__THE PROBLEM__:
Only one span of the listing below should come back. It runs from the line with "J R :: real" through the line with "unfolding L using", and each of its lines must be reproduced exactly.
....................
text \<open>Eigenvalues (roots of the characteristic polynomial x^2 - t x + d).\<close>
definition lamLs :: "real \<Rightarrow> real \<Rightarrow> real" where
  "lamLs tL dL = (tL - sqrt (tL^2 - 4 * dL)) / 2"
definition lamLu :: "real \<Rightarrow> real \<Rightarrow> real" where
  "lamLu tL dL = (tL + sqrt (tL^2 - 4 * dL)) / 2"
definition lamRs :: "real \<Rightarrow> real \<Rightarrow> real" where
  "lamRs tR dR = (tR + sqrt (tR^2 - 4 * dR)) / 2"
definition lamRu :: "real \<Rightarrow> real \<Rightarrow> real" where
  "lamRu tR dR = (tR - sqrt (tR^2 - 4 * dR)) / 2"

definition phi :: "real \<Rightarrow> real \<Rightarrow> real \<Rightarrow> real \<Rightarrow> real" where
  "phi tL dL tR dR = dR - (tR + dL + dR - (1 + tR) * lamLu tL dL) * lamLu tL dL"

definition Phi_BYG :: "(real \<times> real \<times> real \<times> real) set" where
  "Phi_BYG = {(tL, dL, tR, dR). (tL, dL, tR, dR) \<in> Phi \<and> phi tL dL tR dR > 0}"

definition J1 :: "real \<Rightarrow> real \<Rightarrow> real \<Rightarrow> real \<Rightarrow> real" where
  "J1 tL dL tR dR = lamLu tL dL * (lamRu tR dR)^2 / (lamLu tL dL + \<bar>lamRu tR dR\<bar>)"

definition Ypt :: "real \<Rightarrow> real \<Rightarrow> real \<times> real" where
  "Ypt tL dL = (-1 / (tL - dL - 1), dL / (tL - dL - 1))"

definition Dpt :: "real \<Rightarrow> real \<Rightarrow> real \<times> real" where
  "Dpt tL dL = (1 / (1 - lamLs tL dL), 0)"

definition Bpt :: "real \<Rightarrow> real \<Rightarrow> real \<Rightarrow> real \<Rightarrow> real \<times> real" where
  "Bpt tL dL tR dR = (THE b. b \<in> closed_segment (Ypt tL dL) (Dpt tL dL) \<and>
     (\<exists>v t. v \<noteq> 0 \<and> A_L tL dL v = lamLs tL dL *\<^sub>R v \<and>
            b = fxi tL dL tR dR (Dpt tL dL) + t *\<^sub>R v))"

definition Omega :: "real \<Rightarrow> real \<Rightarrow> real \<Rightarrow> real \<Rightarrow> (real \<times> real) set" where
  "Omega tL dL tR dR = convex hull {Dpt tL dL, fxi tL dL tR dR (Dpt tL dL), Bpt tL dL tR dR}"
....................
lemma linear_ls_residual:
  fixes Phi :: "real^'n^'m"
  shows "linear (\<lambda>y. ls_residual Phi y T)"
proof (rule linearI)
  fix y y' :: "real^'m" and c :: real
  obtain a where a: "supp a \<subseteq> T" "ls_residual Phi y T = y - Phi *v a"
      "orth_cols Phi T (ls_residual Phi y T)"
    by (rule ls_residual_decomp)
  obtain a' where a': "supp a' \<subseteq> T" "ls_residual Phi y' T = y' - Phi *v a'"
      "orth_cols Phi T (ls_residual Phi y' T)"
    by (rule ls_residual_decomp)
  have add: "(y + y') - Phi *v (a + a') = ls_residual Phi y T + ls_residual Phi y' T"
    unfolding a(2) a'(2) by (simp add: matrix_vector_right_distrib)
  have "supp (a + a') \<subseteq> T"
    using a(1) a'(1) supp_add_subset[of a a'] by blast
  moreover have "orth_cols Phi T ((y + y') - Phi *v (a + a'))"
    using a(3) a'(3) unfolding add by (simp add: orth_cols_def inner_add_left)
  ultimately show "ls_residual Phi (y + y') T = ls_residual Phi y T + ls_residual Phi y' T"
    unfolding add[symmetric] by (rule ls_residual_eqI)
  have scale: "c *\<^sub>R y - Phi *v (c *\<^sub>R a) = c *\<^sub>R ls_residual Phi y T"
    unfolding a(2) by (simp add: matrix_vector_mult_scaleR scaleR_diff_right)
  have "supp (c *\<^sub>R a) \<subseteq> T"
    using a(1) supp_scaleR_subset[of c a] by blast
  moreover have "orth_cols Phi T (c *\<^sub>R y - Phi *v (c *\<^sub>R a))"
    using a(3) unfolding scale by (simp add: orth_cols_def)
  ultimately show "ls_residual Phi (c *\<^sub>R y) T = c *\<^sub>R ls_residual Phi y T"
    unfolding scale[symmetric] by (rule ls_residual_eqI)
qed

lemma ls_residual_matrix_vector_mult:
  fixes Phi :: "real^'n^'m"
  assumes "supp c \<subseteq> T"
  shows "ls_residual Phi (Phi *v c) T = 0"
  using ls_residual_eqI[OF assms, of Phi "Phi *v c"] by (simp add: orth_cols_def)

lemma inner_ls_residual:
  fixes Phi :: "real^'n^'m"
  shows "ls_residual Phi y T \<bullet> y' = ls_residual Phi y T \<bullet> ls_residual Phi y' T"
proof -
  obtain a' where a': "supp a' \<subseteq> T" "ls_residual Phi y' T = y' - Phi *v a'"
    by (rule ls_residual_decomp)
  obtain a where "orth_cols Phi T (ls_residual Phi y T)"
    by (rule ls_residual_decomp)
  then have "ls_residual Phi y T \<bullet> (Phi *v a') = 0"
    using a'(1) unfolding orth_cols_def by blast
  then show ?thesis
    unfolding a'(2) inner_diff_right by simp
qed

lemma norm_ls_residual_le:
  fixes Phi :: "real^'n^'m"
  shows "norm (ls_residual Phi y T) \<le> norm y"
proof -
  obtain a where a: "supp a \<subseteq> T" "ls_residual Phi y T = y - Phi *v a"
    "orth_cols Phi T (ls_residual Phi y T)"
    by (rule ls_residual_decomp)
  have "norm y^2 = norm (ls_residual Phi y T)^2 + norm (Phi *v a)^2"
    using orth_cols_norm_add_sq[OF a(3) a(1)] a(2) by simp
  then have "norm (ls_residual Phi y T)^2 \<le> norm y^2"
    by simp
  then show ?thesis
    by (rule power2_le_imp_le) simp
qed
....................
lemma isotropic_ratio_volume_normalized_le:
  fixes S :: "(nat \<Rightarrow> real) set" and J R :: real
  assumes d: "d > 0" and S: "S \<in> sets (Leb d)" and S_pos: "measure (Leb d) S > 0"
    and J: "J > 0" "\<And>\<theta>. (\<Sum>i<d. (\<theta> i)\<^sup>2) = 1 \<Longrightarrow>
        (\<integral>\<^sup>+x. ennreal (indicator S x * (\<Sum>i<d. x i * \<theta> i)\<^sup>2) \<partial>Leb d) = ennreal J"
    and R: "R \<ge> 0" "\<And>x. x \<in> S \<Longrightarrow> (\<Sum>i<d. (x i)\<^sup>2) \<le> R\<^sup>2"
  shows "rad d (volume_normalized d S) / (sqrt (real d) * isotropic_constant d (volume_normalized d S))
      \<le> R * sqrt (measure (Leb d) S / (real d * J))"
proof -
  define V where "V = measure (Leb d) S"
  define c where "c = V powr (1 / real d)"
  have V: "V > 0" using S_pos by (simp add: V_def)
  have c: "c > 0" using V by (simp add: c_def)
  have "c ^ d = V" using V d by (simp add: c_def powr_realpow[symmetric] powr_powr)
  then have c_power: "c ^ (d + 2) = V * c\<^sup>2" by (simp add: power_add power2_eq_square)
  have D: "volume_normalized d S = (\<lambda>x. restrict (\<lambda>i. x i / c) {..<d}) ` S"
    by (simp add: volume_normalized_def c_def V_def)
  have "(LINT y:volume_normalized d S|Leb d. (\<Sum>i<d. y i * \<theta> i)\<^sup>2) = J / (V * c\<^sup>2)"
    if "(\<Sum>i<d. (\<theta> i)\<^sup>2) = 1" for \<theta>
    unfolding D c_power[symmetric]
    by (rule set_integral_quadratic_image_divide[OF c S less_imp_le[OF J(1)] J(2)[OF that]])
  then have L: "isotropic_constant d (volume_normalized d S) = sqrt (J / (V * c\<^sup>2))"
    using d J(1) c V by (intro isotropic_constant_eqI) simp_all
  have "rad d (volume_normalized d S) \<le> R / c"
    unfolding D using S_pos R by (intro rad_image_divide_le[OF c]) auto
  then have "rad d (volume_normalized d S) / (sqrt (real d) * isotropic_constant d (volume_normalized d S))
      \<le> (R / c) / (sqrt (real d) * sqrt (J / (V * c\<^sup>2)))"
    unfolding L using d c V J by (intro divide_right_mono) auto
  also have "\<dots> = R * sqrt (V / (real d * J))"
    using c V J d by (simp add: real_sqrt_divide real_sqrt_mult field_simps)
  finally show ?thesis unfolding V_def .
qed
....................
__TASK RESULT__:
  fixes S :: "(nat \<Rightarrow> real) set" and J R :: real
  assumes d: "d > 0" and S: "S \<in> sets (Leb d)" and S_pos: "measure (Leb d) S > 0"
    and J: "J > 0" "\<And>\<theta>. (\<Sum>i<d. (\<theta> i)\<^sup>2) = 1 \<Longrightarrow>
        (\<integral>\<^sup>+x. ennreal (indicator S x * (\<Sum>i<d. x i * \<theta> i)\<^sup>2) \<partial>Leb d) = ennreal J"
    and R: "R \<ge> 0" "\<And>x. x \<in> S \<Longrightarrow> (\<Sum>i<d. (x i)\<^sup>2) \<le> R\<^sup>2"
  shows "rad d (volume_normalized d S) / (sqrt (real d) * isotropic_constant d (volume_normalized d S))
      \<le> R * sqrt (measure (Leb d) S / (real d * J))"
proof -
  define V where "V = measure (Leb d) S"
  define c where "c = V powr (1 / real d)"
  have V: "V > 0" using S_pos by (simp add: V_def)
  have c: "c > 0" using V by (simp add: c_def)
  have "c ^ d = V" using V d by (simp add: c_def powr_realpow[symmetric] powr_powr)
  then have c_power: "c ^ (d + 2) = V * c\<^sup>2" by (simp add: power_add power2_eq_square)
  have D: "volume_normalized d S = (\<lambda>x. restrict (\<lambda>i. x i / c) {..<d}) ` S"
    by (simp add: volume_normalized_def c_def V_def)
  have "(LINT y:volume_normalized d S|Leb d. (\<Sum>i<d. y i * \<theta> i)\<^sup>2) = J / (V * c\<^sup>2)"
    if "(\<Sum>i<d. (\<theta> i)\<^sup>2) = 1" for \<theta>
    unfolding D c_power[symmetric]
    by (rule set_integral_quadratic_image_divide[OF c S less_imp_le[OF J(1)] J(2)[OF that]])
  then have L: "isotropic_constant d (volume_normalized d S) = sqrt (J / (V * c\<^sup>2))"
    using d J(1) c V by (intro isotropic_constant_eqI) simp_all
  have "rad d (volume_normalized d S) \<le> R / c"
    unfolding D using S_pos R by (intro rad_image_divide_le[OF c]) auto
  then have "rad d (volume_normalized d S) / (sqrt (real d) * isotropic_constant d (volume_normalized d S))
      \<le> (R / c) / (sqrt (real d) * sqrt (J / (V * c\<^sup>2)))"
    unfolding L using d c V J by (intro divide_right_mono) auto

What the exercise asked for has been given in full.